## REQUIRED WORK
In the entries below, identify every line with the string "using" and copy it.

━━━━━━

(* For every $z_0=(x_0,y_0)\in\mathbb Z_+^{n}$ and $k'\in\mathbb Z_+^{m_1}$, \[ P_0\{\tilde Z_0=z_0,\,K'=k'\mid O\}=1_{S_{y-y_0}}(k')\,\frac{P_0\{Z_0=z_0,\,R'(T)=k'\mid O_p\}}{P_0\{R'(T)\in S_{y-Y_0}\mid O_p\}}. \]
   Context: Fix integers $n_1,n_2,m_1,m_2\ge 0$ with $n=n_1+n_2$, $m=m_1+m_2$ and $n_2=m_2$, a time $T>0$, and an observation $y\in\mathbb Z_+^{n_2}$. Let $\nu\in\mathbb Z^{n\times m}$; let $\nu'$ be its first $n_1$ rows and $\nu''$ its last $n_2$ rows, and assume $\nu''=[A\;B]$ with $A\in\mathbb Z^{n_2\times m_1}$ and $B\in\mathbb Z^{m_2\times m_2}$ invertible. For $\Delta y\in\mathbb Z^{n_2}$ and $k'\in\mathbb Z_+^{m_1}$ put $G(\Delta y,k')=B^{-1}(\Delta y-Ak')$ and $S_{\Delta y}=\{k'\in\mathbb Z_+^{m_1}: G(\Delta y,k')\in\mathbb Z_+^{m_2}\}$. Let $\lambda=(\lambda',\lambda''):[0,T]\times\mathbb Z_+^{n}\times\mathbb Z_+^{n_2}\to(0,\infty)^m$ be strictly positive, measurable and integrable in $t$, with $\lambda'$ its first $m_1$ and $\lambda''$ its last $m_2$ components; let $\mu$ be a probability measure on $\mathbb Z_+^n$. An $m$-variate Poisson random variable (resp. inhomogeneous Poisson process) with vector mean (resp. intensity) has independent components with the corresponding component means (intensities). For $(x_0,y_0)\in\mathbb Z_+^n$, $\rho(\cdot,x_0,y_0,y)$ denotes the p.m.f. on $\mathbb Z_+^{m_2}$ of an $m_2$-variate Poisson random variable with mean $\int_0^T\lambda''(t,(x_0,y_0),y)\,dt$. Lab process: on a probability space $(\Omega,\mathcal F,P_0)$ let $Z_0=(X_0,Y_0)$ take values in $\mathbb Z_+^{n_1}\times\mathbb Z_+^{n_2}$, let $R=(R',R'')$ ($R'$ with $m_1$, $R''$ with $m_2$ components) be a càdlàg $m$-variate counting process on $[0,T]$ with $R(0)=0$, and set $Z(t)=(X(t),Y(t))=Z_0+\nu R(t)$, so $Y(t)=Y_0+\nu''R(t)$. Let $O_p\in\mathcal F$ with $P_0(O_p)>0$. Under $P_0$: conditioned on $O_p$, $Z_0$ has law $\mu$; conditioned on $O_p\cap\{Z_0=z_0\}$, $R$ is an $m$-variate inhomogeneous Poisson process with intensity $t\mapsto\lambda(t,z_0,y)$. Let $O_y=\{Y(T)=y\}$, $O=O_p\cap O_y$, and assume $P_0(O)>0$. Filter variables: let $(U_{0,i},V_{0,i},K'_i)_{i\in\mathbb N}$ be random variables in $\mathbb Z_+^{n_1}\times\mathbb Z_+^{n_2}\times\mathbb Z_+^{m_1}$ such that, under $P_0$ conditioned on $O_p$, these triples are i.i.d. and independent of $(Z_0,R)$, $(U_{0,i},V_{0,i})$ has law $\mu$, and conditioned additionally on $(U_{0,i},V_{0,i})=(x_0,y_0)$, $K'_i$ is $m_1$-variate Poisson with mean $\int_0^T\lambda'(t,(x_0,y_0),y)\,dt$. Let $N=\min\{i\in\mathbb N: K'_i\in S_{y-V_{0,i}}\}$ (finite $P_0$-a.s.), and define $K'=K'_N$, $U_0=U_{0,N}$, $V_0=V_{0,N}$, $\tilde Z_0=(U_0,V_0)$, $K''=G(y-V_0,K')$, $K=(K',K'')$, and $W=\rho(K'',U_0,V_0,y)$. *)

theory Defs
  imports "HOL-Probability.Probability" "Jordan_Normal_Form.Gauss_Jordan_Elimination"
begin
lemma drazin_mod_finite_rank_funpow_left:
  assumes "k \<le> m" shows "T ^^ m \<approx>\<^sub>F S \<circ> T ^^ Suc m"
proof -
  have "T ^^ k \<approx>\<^sub>F T ^^ k \<circ> S \<circ> T" by (rule eq_mod_finite_rank_sym[OF index])
  also have "\<dots> \<approx>\<^sub>F S \<circ> T ^^ k \<circ> T"
    by (rule eq_mod_finite_rank_compose_right
        [OF eq_mod_finite_rank_sym[OF drazin_mod_finite_rank_commute_funpow] linear_T])
  also have "S \<circ> T ^^ k \<circ> T = S \<circ> T ^^ Suc k" by (rule ext) (simp add: funpow_swap1)
  finally have base: "T ^^ k \<approx>\<^sub>F S \<circ> T ^^ Suc k" .
  have "T ^^ m = T ^^ (m - k) \<circ> T ^^ k" using assms by (simp add: funpow_add[symmetric])
  also have "\<dots> \<approx>\<^sub>F (T ^^ (m - k) \<circ> S) \<circ> T ^^ Suc k"
    using eq_mod_finite_rank_compose_left[OF base clinear_funpow[OF linear_T]] by (simp add: o_assoc)
  also have "\<dots> \<approx>\<^sub>F (S \<circ> T ^^ (m - k)) \<circ> T ^^ Suc k"
    by (rule eq_mod_finite_rank_compose_right
        [OF eq_mod_finite_rank_sym[OF drazin_mod_finite_rank_commute_funpow] clinear_funpow[OF linear_T]])
  also have "(S \<circ> T ^^ (m - k)) \<circ> T ^^ Suc k = S \<circ> T ^^ Suc m"
    using assms by (metis comp_assoc funpow_add add_Suc_right le_add_diff_inverse2)
  finally show ?thesis .
qed

end

lemma drazin_mod_finite_rank_unique:
  assumes S: "drazin_mod_finite_rank T S k" and S': "drazin_mod_finite_rank T S' l"
  shows "S \<approx>\<^sub>F S'"
proof -
  define m where "m = max k l"
  have T: "clinear T" and linear_S: "clinear S" and linear_S': "clinear S'"
    using S S' by (auto simp: drazin_mod_finite_rank_def)
  have "S \<approx>\<^sub>F S ^^ Suc m \<circ> T ^^ m" by (rule drazin_mod_finite_rank_left[OF S])
  also have "\<dots> \<approx>\<^sub>F S ^^ Suc m \<circ> (T ^^ Suc m \<circ> S')"
    by (rule eq_mod_finite_rank_compose_left[OF drazin_mod_finite_rank_funpow_right[OF S']
          clinear_funpow[OF linear_S]]) (simp add: m_def)
  also have "S ^^ Suc m \<circ> (T ^^ Suc m \<circ> S') = (S ^^ Suc m \<circ> T ^^ m) \<circ> (T \<circ> S')"
    by (rule ext) (simp add: funpow_swap1)
  also have "\<dots> \<approx>\<^sub>F S \<circ> (T \<circ> S')"
    by (rule eq_mod_finite_rank_compose_right[OF eq_mod_finite_rank_sym[OF drazin_mod_finite_rank_left[OF S]]
          Vector_Spaces.linear_compose[OF linear_S' T]])
  finally have 1: "S \<approx>\<^sub>F S \<circ> T \<circ> S'" by (simp add: o_assoc)
  have "S' \<approx>\<^sub>F T ^^ m \<circ> S' ^^ Suc m" by (rule drazin_mod_finite_rank_right[OF S'])
  also have "\<dots> \<approx>\<^sub>F (S \<circ> T ^^ Suc m) \<circ> S' ^^ Suc m"
    by (rule eq_mod_finite_rank_compose_right[OF drazin_mod_finite_rank_funpow_left[OF S]
          clinear_funpow[OF linear_S']]) (simp add: m_def)
  also have "(S \<circ> T ^^ Suc m) \<circ> S' ^^ Suc m = (S \<circ> T) \<circ> (T ^^ m \<circ> S' ^^ Suc m)"
    by (simp add: o_assoc)
  also have "\<dots> \<approx>\<^sub>F (S \<circ> T) \<circ> S'"
    by (rule eq_mod_finite_rank_compose_left[OF eq_mod_finite_rank_sym[OF drazin_mod_finite_rank_right[OF S']]
          Vector_Spaces.linear_compose[OF T linear_S]])
  finally have 2: "S' \<approx>\<^sub>F S \<circ> T \<circ> S'" .
  show ?thesis using 1 eq_mod_finite_rank_sym[OF 2] by (rule eq_mod_finite_rank_trans)
qed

━━━━━━

## WRITTEN ANSWER
  have "T ^^ m = T ^^ (m - k) \<circ> T ^^ k" using assms by (simp add: funpow_add[symmetric])
    using eq_mod_finite_rank_compose_left[OF base clinear_funpow[OF linear_T]] by (simp add: o_assoc)
    using assms by (metis comp_assoc funpow_add add_Suc_right le_add_diff_inverse2)
    using S S' by (auto simp: drazin_mod_finite_rank_def)
  show ?thesis using 1 eq_mod_finite_rank_sym[OF 2] by (rule eq_mod_finite_rank_trans)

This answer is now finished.